ABOUT THIS EXERCISE
In the listing below, find the line that contains "unfolding SOL_def by auto" and the line that contains "(restr S x)". Quote both and every line between them, exactly, and nothing more.

------ MATERIAL FOR THIS EXERCISE

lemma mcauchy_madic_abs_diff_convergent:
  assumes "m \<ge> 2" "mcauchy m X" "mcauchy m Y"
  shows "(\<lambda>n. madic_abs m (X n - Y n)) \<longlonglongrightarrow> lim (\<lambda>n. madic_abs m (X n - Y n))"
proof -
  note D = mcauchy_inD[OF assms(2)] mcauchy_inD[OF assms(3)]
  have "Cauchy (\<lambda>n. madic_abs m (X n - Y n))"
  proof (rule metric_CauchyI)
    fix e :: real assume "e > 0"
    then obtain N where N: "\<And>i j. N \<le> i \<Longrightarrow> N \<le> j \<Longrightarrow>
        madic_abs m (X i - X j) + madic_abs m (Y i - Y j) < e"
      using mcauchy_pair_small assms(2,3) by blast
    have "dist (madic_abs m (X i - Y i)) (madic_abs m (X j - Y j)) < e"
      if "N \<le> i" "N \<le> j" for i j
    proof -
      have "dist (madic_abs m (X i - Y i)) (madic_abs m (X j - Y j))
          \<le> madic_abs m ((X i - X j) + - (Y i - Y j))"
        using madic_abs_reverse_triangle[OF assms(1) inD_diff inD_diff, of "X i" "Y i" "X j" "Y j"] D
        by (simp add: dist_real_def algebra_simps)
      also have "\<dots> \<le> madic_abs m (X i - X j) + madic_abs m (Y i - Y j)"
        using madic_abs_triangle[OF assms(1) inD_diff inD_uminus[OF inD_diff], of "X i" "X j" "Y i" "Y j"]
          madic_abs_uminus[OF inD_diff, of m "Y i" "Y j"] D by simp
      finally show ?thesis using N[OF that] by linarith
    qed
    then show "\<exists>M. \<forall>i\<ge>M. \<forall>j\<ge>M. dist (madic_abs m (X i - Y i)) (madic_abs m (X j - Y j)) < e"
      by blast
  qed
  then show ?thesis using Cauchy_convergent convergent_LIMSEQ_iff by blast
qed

------------
------ MATERIAL FOR THIS EXERCISE

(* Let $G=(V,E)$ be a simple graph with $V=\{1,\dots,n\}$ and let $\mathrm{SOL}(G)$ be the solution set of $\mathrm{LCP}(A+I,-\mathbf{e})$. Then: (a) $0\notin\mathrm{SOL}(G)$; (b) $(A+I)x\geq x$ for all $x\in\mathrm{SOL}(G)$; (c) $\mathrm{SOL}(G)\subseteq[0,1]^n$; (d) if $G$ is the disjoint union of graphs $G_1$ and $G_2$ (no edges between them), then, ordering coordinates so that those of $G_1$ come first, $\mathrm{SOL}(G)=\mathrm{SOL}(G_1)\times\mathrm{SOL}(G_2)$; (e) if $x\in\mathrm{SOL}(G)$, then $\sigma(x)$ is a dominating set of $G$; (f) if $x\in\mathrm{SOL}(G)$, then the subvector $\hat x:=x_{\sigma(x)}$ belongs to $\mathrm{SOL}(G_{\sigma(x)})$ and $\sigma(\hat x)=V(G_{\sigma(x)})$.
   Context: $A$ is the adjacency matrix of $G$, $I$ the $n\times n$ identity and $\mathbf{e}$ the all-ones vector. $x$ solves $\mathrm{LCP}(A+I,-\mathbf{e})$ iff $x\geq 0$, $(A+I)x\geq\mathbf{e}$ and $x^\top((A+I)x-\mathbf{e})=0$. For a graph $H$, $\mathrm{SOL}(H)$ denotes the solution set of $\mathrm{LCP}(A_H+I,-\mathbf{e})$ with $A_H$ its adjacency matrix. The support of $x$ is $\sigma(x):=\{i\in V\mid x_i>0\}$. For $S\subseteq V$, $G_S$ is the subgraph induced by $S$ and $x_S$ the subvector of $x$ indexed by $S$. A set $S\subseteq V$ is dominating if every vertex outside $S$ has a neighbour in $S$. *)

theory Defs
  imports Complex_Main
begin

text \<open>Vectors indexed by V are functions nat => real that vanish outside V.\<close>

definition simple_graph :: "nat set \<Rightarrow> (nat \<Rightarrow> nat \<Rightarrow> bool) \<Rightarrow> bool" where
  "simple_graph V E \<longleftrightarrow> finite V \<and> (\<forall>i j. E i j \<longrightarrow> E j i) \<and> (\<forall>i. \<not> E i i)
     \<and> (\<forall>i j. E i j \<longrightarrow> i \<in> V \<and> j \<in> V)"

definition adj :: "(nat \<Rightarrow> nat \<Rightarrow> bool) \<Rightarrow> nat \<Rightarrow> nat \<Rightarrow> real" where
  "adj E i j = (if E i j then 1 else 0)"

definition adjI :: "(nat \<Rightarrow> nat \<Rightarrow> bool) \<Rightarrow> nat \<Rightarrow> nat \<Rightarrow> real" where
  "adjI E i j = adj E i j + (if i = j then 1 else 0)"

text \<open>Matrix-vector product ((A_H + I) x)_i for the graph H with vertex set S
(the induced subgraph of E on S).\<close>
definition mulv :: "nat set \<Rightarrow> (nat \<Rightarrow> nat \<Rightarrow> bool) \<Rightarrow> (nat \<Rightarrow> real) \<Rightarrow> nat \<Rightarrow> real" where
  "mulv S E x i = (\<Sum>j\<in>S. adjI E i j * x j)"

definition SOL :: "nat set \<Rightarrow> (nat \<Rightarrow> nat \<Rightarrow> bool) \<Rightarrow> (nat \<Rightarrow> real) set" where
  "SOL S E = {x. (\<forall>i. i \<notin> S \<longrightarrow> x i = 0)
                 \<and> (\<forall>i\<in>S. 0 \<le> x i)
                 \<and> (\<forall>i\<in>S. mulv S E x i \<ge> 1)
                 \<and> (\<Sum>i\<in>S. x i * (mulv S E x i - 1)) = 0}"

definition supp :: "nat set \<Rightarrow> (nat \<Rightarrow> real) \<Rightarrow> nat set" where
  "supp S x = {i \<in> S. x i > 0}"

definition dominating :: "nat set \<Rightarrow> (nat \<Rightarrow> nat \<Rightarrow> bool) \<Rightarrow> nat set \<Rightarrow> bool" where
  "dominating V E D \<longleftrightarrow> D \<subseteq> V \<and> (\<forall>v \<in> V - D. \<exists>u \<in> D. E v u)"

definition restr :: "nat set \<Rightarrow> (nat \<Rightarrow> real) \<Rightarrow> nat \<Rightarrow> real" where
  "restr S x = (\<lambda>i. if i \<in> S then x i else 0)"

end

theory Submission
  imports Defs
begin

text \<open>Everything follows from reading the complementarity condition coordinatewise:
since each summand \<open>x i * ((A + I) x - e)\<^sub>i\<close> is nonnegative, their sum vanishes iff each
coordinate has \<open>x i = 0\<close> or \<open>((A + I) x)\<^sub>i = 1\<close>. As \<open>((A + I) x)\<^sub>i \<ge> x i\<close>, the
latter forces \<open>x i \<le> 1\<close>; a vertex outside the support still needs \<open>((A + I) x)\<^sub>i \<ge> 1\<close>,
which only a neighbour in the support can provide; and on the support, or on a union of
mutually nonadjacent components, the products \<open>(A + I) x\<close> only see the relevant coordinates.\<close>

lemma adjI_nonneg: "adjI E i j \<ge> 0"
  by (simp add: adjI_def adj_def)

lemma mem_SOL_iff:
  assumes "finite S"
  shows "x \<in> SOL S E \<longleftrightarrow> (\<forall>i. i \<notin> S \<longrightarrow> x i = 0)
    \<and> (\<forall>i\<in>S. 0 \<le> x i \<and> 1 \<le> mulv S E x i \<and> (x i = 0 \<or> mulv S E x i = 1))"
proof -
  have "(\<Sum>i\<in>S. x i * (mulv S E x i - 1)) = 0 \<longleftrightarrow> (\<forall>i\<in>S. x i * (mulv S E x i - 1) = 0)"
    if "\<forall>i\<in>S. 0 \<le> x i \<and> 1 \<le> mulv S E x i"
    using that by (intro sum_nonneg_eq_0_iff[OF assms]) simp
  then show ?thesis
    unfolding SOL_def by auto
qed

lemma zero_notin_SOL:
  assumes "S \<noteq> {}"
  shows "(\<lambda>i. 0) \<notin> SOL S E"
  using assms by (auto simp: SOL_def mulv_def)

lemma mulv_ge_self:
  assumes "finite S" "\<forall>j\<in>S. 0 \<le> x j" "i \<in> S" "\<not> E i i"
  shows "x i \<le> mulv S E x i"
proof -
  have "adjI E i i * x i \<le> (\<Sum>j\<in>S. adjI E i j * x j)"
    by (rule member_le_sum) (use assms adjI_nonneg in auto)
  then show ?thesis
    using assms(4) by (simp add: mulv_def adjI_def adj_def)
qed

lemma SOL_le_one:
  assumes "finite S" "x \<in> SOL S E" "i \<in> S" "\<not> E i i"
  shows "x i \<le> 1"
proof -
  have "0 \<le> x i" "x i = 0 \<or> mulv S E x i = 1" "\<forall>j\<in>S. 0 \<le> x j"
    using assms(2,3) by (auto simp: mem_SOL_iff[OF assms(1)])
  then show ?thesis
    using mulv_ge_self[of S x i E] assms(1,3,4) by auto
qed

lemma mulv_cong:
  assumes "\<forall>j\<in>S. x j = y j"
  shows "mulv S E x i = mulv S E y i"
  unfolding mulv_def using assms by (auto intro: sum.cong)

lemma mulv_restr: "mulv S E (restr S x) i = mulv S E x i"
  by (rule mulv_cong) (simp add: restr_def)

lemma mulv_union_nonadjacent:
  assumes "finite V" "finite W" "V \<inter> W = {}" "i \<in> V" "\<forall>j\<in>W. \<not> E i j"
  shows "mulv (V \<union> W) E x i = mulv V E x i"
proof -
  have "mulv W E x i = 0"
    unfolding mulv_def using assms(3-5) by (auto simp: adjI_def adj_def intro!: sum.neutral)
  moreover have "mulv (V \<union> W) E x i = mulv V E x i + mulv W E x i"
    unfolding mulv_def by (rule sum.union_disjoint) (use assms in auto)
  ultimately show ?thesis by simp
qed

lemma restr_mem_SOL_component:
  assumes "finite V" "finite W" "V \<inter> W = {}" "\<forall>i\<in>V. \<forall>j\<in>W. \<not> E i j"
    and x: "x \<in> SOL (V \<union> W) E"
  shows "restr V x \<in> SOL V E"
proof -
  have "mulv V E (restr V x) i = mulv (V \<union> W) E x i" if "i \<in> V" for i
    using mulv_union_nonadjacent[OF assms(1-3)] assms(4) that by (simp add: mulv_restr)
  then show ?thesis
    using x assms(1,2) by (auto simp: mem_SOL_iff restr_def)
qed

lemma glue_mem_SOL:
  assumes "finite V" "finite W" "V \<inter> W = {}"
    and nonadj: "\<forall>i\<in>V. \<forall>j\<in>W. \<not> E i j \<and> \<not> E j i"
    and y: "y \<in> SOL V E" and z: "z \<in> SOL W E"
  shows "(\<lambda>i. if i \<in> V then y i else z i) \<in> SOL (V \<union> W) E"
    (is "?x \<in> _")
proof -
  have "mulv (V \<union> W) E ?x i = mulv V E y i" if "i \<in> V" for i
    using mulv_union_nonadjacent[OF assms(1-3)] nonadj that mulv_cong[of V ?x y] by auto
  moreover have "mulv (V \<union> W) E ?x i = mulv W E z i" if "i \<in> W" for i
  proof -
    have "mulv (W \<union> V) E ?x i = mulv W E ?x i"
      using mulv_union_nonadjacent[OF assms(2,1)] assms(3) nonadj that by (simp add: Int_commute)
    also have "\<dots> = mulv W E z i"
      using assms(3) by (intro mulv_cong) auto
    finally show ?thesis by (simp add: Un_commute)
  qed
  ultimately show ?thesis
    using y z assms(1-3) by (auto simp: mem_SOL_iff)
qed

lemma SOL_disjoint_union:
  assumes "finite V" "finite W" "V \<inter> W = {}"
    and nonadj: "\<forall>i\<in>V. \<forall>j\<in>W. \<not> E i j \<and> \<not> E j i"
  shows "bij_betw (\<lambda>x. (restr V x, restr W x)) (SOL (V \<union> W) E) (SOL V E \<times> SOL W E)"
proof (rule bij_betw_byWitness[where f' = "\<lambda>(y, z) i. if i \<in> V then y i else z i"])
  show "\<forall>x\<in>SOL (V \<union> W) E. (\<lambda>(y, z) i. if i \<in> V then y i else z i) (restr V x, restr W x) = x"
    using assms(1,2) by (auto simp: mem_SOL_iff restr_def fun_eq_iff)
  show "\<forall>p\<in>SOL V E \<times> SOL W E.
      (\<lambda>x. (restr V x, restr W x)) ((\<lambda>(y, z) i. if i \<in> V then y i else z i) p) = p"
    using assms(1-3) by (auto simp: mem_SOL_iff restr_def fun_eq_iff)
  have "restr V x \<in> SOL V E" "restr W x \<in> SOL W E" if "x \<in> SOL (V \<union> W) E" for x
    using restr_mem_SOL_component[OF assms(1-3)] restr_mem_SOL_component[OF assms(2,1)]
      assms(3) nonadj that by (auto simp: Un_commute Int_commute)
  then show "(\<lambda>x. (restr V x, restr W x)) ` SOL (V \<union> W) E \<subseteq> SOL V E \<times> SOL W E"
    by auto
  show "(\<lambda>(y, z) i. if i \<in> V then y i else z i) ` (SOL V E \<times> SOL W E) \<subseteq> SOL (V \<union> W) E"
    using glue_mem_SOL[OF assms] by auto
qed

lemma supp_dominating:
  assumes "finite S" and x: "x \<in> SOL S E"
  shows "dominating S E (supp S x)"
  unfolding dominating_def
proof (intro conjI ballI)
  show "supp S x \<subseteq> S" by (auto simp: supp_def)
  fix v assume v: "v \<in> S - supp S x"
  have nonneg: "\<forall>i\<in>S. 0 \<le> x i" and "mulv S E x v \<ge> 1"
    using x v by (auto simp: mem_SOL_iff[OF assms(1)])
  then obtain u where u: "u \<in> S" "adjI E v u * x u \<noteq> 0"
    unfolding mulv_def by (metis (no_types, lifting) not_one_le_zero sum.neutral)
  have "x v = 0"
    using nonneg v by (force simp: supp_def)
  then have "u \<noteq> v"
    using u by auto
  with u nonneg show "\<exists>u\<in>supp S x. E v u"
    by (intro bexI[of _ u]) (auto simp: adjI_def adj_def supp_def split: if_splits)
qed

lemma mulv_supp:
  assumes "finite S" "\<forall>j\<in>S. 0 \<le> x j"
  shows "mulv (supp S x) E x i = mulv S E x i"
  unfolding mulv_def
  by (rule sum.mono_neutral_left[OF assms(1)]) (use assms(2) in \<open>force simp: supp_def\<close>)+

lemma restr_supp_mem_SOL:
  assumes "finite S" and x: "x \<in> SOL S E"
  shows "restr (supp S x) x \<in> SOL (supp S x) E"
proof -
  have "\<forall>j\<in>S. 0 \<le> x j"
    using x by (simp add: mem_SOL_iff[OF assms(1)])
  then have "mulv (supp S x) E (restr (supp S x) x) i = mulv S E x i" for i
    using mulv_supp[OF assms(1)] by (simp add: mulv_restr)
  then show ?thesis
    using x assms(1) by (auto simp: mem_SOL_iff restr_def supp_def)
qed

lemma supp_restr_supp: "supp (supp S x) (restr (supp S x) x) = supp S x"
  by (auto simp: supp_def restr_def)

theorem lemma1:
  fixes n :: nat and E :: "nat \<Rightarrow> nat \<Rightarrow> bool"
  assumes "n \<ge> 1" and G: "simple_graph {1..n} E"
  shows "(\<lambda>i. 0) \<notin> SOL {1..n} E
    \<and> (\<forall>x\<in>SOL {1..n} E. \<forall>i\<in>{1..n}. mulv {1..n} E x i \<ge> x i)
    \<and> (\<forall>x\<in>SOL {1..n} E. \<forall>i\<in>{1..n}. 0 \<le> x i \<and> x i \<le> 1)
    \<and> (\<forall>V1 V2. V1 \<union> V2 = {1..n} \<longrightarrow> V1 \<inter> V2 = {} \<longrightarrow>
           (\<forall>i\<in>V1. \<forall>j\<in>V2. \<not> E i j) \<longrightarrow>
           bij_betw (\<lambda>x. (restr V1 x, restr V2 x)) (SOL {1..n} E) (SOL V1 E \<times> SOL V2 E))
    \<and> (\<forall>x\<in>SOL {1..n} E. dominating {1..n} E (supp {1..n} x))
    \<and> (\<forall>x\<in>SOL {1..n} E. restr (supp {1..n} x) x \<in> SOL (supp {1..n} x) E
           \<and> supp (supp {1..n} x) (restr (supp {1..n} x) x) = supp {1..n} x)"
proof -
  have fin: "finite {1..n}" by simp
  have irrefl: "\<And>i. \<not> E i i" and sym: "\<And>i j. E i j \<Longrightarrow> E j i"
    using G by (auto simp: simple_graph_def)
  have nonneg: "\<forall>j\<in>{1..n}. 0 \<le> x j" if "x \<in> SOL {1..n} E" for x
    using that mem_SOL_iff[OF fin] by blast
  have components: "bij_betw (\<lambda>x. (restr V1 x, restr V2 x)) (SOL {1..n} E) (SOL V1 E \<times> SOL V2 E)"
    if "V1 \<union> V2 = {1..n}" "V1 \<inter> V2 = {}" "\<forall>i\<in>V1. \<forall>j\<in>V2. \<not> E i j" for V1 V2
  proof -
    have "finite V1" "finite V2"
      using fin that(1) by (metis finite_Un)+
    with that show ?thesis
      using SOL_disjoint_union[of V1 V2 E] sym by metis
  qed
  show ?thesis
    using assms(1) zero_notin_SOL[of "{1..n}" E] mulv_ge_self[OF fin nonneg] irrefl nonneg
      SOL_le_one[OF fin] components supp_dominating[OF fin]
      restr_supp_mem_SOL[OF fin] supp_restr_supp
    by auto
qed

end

------------

TASK OUTPUT
    unfolding SOL_def by auto
qed

lemma zero_notin_SOL:
  assumes "S \<noteq> {}"
  shows "(\<lambda>i. 0) \<notin> SOL S E"
  using assms by (auto simp: SOL_def mulv_def)

lemma mulv_ge_self:
  assumes "finite S" "\<forall>j\<in>S. 0 \<le> x j" "i \<in> S" "\<not> E i i"
  shows "x i \<le> mulv S E x i"
proof -
  have "adjI E i i * x i \<le> (\<Sum>j\<in>S. adjI E i j * x j)"
    by (rule member_le_sum) (use assms adjI_nonneg in auto)
  then show ?thesis
    using assms(4) by (simp add: mulv_def adjI_def adj_def)
qed

lemma SOL_le_one:
  assumes "finite S" "x \<in> SOL S E" "i \<in> S" "\<not> E i i"
  shows "x i \<le> 1"
proof -
  have "0 \<le> x i" "x i = 0 \<or> mulv S E x i = 1" "\<forall>j\<in>S. 0 \<le> x j"
    using assms(2,3) by (auto simp: mem_SOL_iff[OF assms(1)])
  then show ?thesis
    using mulv_ge_self[of S x i E] assms(1,3,4) by auto
qed

lemma mulv_cong:
  assumes "\<forall>j\<in>S. x j = y j"
  shows "mulv S E x i = mulv S E y i"
  unfolding mulv_def using assms by (auto intro: sum.cong)

lemma mulv_restr: "mulv S E (restr S x) i = mulv S E x i"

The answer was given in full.